* ASSIGNMENT: Please copy, exactly as they appear below, the lines from the one containing "0 then return" through the one containing "assms by simp".

(Stored data)
[Start of Attachment]

(* Let $m\ge1$, $\mu>0$, $\sigma\ge0$, $r=\sigma/\mu$, and let $B$ be the mechanism that offers the bundle of all $m$ items at a single random price drawn from the log-lottery $P^{\log}_{m\mu,\sqrt m\sigma}$. Then for every product distribution $F=F_1\times\cdots\times F_m$ in which each $F_j$ has mean $\mu$ and standard deviation at most $\sigma$, \[\frac{\mathrm{OPT}(F)}{\mathrm{REV}(B;F)}\le\rho\!\left(\frac{r}{\sqrt m}\right).\]
   Context: One buyer with additive valuation for $m$ items with values $(v_1,\dots,v_m)\sim F$ on $\mathbb{R}^m_{\ge0}$. A mechanism is a pair $(x,\pi)$ with $x:\mathbb{R}^m_{\ge0}\to[0,1]^m$, $\pi:\mathbb{R}^m_{\ge0}\to\mathbb{R}_{\ge0}$; it is truthful if $x(\vec v)\cdot\vec v-\pi(\vec v)\ge x(\vec w)\cdot\vec v-\pi(\vec w)$ and $x(\vec v)\cdot\vec v-\pi(\vec v)\ge0$ for all $\vec v,\vec w$. $\mathrm{REV}(A;F)=\mathbb{E}_{\vec v\sim F}[\pi(\vec v)]$, $\mathrm{OPT}(F)$ is the supremum of $\mathrm{REV}$ over truthful mechanisms. The bundle mechanism sells all items iff $\sum_jv_j$ is at least the drawn price. For $\mu'>0,\sigma'\ge0$, the log-lottery $P^{\log}_{\mu',\sigma'}$ is the random price on $[\pi_1,\pi_2]$ with cdf $x\mapsto\frac{\pi_2\ln(x/\pi_1)-(x-\pi_1)}{\pi_2\ln(\pi_2/\pi_1)-(\pi_2-\pi_1)}$, where $\pi_1,\pi_2$ are the unique solutions of $\pi_1(1+\ln(\pi_2/\pi_1))=\mu'$, $\pi_1(2\pi_2-\pi_1)=\mu'^2+\sigma'^2$ (for $\sigma'=0$, the deterministic price $\mu'$). For $s\ge0$, $\rho(s)$ is the unique positive solution $\rho$ of $\frac{1}{\rho^2}(2e^{\rho-1}-1)=s^2+1$. *)

theory Defs
  imports "HOL-Probability.Probability"
begin

definition vals :: "nat \<Rightarrow> (nat \<Rightarrow> real) set" where
  "vals m = PiE {..<m} (\<lambda>_. {0..})"

text \<open>A mechanism is a pair (allocation, payment).\<close>
type_synonym mechanism = "((nat \<Rightarrow> real) \<Rightarrow> nat \<Rightarrow> real) \<times> ((nat \<Rightarrow> real) \<Rightarrow> real)"

definition truthful :: "nat \<Rightarrow> mechanism \<Rightarrow> bool" where
  "truthful m A = (let x = fst A; p = snd A in
     (\<forall>v\<in>vals m. (\<forall>j<m. 0 \<le> x v j \<and> x v j \<le> 1) \<and> 0 \<le> p v
        \<and> (\<Sum>j<m. x v j * v j) - p v \<ge> 0
        \<and> (\<forall>w\<in>vals m. (\<Sum>j<m. x v j * v j) - p v \<ge> (\<Sum>j<m. x w j * v j) - p w)))"

definition REV :: "(nat \<Rightarrow> real) measure \<Rightarrow> mechanism \<Rightarrow> ennreal" where
  "REV M A = (\<integral>\<^sup>+ v. ennreal (snd A v) \<partial>M)"

definition OPT :: "nat \<Rightarrow> (nat \<Rightarrow> real) measure \<Rightarrow> ennreal" where
  "OPT m M = (SUP A \<in> {A. truthful m A \<and> snd A \<in> borel_measurable M}. REV M A)"

text \<open>Bundle mechanism at a random price drawn from P: all items sold iff the sum of
  values is at least the drawn price; expressed as a lottery mechanism.\<close>
definition bundle_mech :: "nat \<Rightarrow> real measure \<Rightarrow> mechanism" where
  "bundle_mech m P =
     (\<lambda>v j. measure P {..(\<Sum>i<m. v i)},
      \<lambda>v. \<integral>p. (if p \<le> (\<Sum>i<m. v i) then p else 0) \<partial>P)"

definition loglot_pts :: "real \<Rightarrow> real \<Rightarrow> real \<times> real" where
  "loglot_pts \<mu> \<sigma> = (THE (a, b). 0 < a \<and> 0 < b \<and> a * (1 + ln (b / a)) = \<mu>
                                 \<and> a * (2 * b - a) = \<mu>\<^sup>2 + \<sigma>\<^sup>2)"

definition loglot_cdf :: "real \<Rightarrow> real \<Rightarrow> real \<Rightarrow> real" where
  "loglot_cdf \<mu> \<sigma> x = (case loglot_pts \<mu> \<sigma> of (a, b) \<Rightarrow>
      if x < a then 0
      else if x \<le> b then (b * ln (x / a) - (x - a)) / (b * ln (b / a) - (b - a))
      else 1)"

definition log_lottery :: "real \<Rightarrow> real \<Rightarrow> real measure" where
  "log_lottery \<mu> \<sigma> = (if \<sigma> = 0 then return borel \<mu> else interval_measure (loglot_cdf \<mu> \<sigma>))"

definition rho :: "real \<Rightarrow> real" where
  "rho s = (THE r. 0 < r \<and> (2 * exp (r - 1) - 1) / r\<^sup>2 = s\<^sup>2 + 1)"

end

theory Submission
  imports Defs "HOL-Real_Asymp.Real_Asymp"
begin

(* OPT is at most the expected welfare E S, where S is the sum of the values and E S = m mu.
   The log-lottery on [a, b] has density proportional to b / p - 1, so a buyer of value s in
   [a, b] pays exactly the concave quadratic (b s - s^2/2 - (a b - a^2/2)) / N, N the
   normalising constant, and this quadratic bounds the payment from below for every s. Its
   expectation only involves E S = m mu and E S^2 <= (m mu)^2 + m sigma^2, and for the
   endpoints a = m mu / u, b = a e^(u - 1) with u = rho (sigma / (mu sqrt m)) it equals a.
   Hence OPT <= u a <= u REV. *)

section \<open>The equation defining rho\<close>

(* With endpoints a and b = a e^(u - 1) the log-lottery has mean a u and second moment
   (a u)^2 moment_ratio u, so rho s is the solution of moment_ratio u = 1 + s^2. *)
definition moment_ratio :: "real \<Rightarrow> real" where
  "moment_ratio u = (2 * exp (u - 1) - 1) / u\<^sup>2"

lemma moment_ratio_1 [simp]: "moment_ratio 1 = 1"
  by (simp add: moment_ratio_def)

lemma exp_mult_diff_2_plus_1_pos:
  fixes u :: real
  assumes "u \<noteq> 1"
  shows "exp (u - 1) * (u - 2) + 1 > 0"
proof (cases "u \<ge> 2")
  case False
  have "2 - u < exp (-(u - 1))"
    using exp_minus_greater[of "u - 1"] assms by simp
  then have "exp (u - 1) * (2 - u) < exp (u - 1) * exp (-(u - 1))"
    by simp
  then show ?thesis
    by (simp add: algebra_simps flip: exp_add)
qed (simp add: add_nonneg_pos)

lemma has_real_derivative_moment_ratio:
  "u > 0 \<Longrightarrow> (moment_ratio has_real_derivative 2 * (exp (u - 1) * (u - 2) + 1) / u ^ 3) (at u)"
  unfolding moment_ratio_def
  by (rule derivative_eq_intros refl | simp)+ (simp add: field_simps eval_nat_numeral)

lemma continuous_on_moment_ratio: "0 < a \<Longrightarrow> continuous_on {a..b} moment_ratio"
  by (intro continuous_at_imp_continuous_on ballI) (auto intro!: DERIV_isCont has_real_derivative_moment_ratio)

lemma moment_ratio_less_same_side_of_1:
  assumes "0 < a" "a < b" "1 \<le> a \<or> b \<le> 1"
  shows "moment_ratio a < moment_ratio b"
proof (rule DERIV_pos_imp_increasing_open[OF \<open>a < b\<close> _ continuous_on_moment_ratio[OF \<open>0 < a\<close>]])
  fix x assume "a < x" "x < b"
  with assms have "x \<noteq> 1" "x > 0" by auto
  then show "\<exists>y. (moment_ratio has_real_derivative y) (at x) \<and> 0 < y"
    using has_real_derivative_moment_ratio[of x] exp_mult_diff_2_plus_1_pos[of x] by auto
qed

lemma moment_ratio_strict_mono_on: "strict_mono_on {0<..} moment_ratio"
proof (rule strict_mono_onI)
  fix a b :: real assume "a \<in> {0<..}" "a < b"
  then show "moment_ratio a < moment_ratio b"
    using moment_ratio_less_same_side_of_1[of a 1] moment_ratio_less_same_side_of_1[of 1 b]
      moment_ratio_less_same_side_of_1[of a b]
    by (cases "1 \<le> a \<or> b \<le> 1") auto
qed

lemma moment_ratio_at_top: "filterlim moment_ratio at_top at_top"
  unfolding moment_ratio_def by real_asymp

lemma moment_ratio_attains:
  assumes "c \<ge> 1"
  obtains u where "u \<ge> 1" "moment_ratio u = c"
proof -
  have "\<forall>\<^sub>F u in at_top. 1 \<le> u \<and> c \<le> moment_ratio u"
    using moment_ratio_at_top by (intro eventually_conj eventually_ge_at_top) (simp add: filterlim_at_top)
  then obtain U where "\<forall>u\<ge>U. 1 \<le> u \<and> c \<le> moment_ratio u"
    unfolding eventually_at_top_linorder by blast
  then have "\<exists>u\<ge>1. u \<le> U \<and> moment_ratio u = c"
    using assms by (intro IVT' continuous_on_moment_ratio) auto
  then show ?thesis
    using that by blast
qed

lemma rho_eqI:
  assumes "u > 0" "moment_ratio u = s\<^sup>2 + 1"
  shows "rho s = u"
  unfolding rho_def
proof (rule the_equality)
  show "0 < u \<and> (2 * exp (u - 1) - 1) / u\<^sup>2 = s\<^sup>2 + 1"
    using assms(1) assms(2)[unfolded moment_ratio_def] by (rule conjI)
next
  fix r assume r: "0 < r \<and> (2 * exp (r - 1) - 1) / r\<^sup>2 = s\<^sup>2 + 1"
  then have "moment_ratio r = moment_ratio u"
    unfolding assms(2) by (simp only: moment_ratio_def)
  with r assms(1) show "r = u"
    by (auto intro: strict_mono_on_eqD[OF moment_ratio_strict_mono_on])
qed

lemma moment_ratio_scaled:
  "u \<noteq> 0 \<Longrightarrow> a * (2 * (a * exp (u - 1)) - a) = (a * u)\<^sup>2 * moment_ratio u"
  by (simp add: moment_ratio_def field_simps power2_eq_square)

[End of Attachment]

* OUTPUT:
  "log_lottery \<mu> \<sigma> = (if \<sigma> = 0 then return borel \<mu> else interval_measure (loglot_cdf \<mu> \<sigma>))"

definition rho :: "real \<Rightarrow> real" where
  "rho s = (THE r. 0 < r \<and> (2 * exp (r - 1) - 1) / r\<^sup>2 = s\<^sup>2 + 1)"

end

theory Submission
  imports Defs "HOL-Real_Asymp.Real_Asymp"
begin

(* OPT is at most the expected welfare E S, where S is the sum of the values and E S = m mu.
   The log-lottery on [a, b] has density proportional to b / p - 1, so a buyer of value s in
   [a, b] pays exactly the concave quadratic (b s - s^2/2 - (a b - a^2/2)) / N, N the
   normalising constant, and this quadratic bounds the payment from below for every s. Its
   expectation only involves E S = m mu and E S^2 <= (m mu)^2 + m sigma^2, and for the
   endpoints a = m mu / u, b = a e^(u - 1) with u = rho (sigma / (mu sqrt m)) it equals a.
   Hence OPT <= u a <= u REV. *)

section \<open>The equation defining rho\<close>

(* With endpoints a and b = a e^(u - 1) the log-lottery has mean a u and second moment
   (a u)^2 moment_ratio u, so rho s is the solution of moment_ratio u = 1 + s^2. *)
definition moment_ratio :: "real \<Rightarrow> real" where
  "moment_ratio u = (2 * exp (u - 1) - 1) / u\<^sup>2"

lemma moment_ratio_1 [simp]: "moment_ratio 1 = 1"
  by (simp add: moment_ratio_def)

lemma exp_mult_diff_2_plus_1_pos:
  fixes u :: real
  assumes "u \<noteq> 1"
  shows "exp (u - 1) * (u - 2) + 1 > 0"
proof (cases "u \<ge> 2")
  case False
  have "2 - u < exp (-(u - 1))"
    using exp_minus_greater[of "u - 1"] assms by simp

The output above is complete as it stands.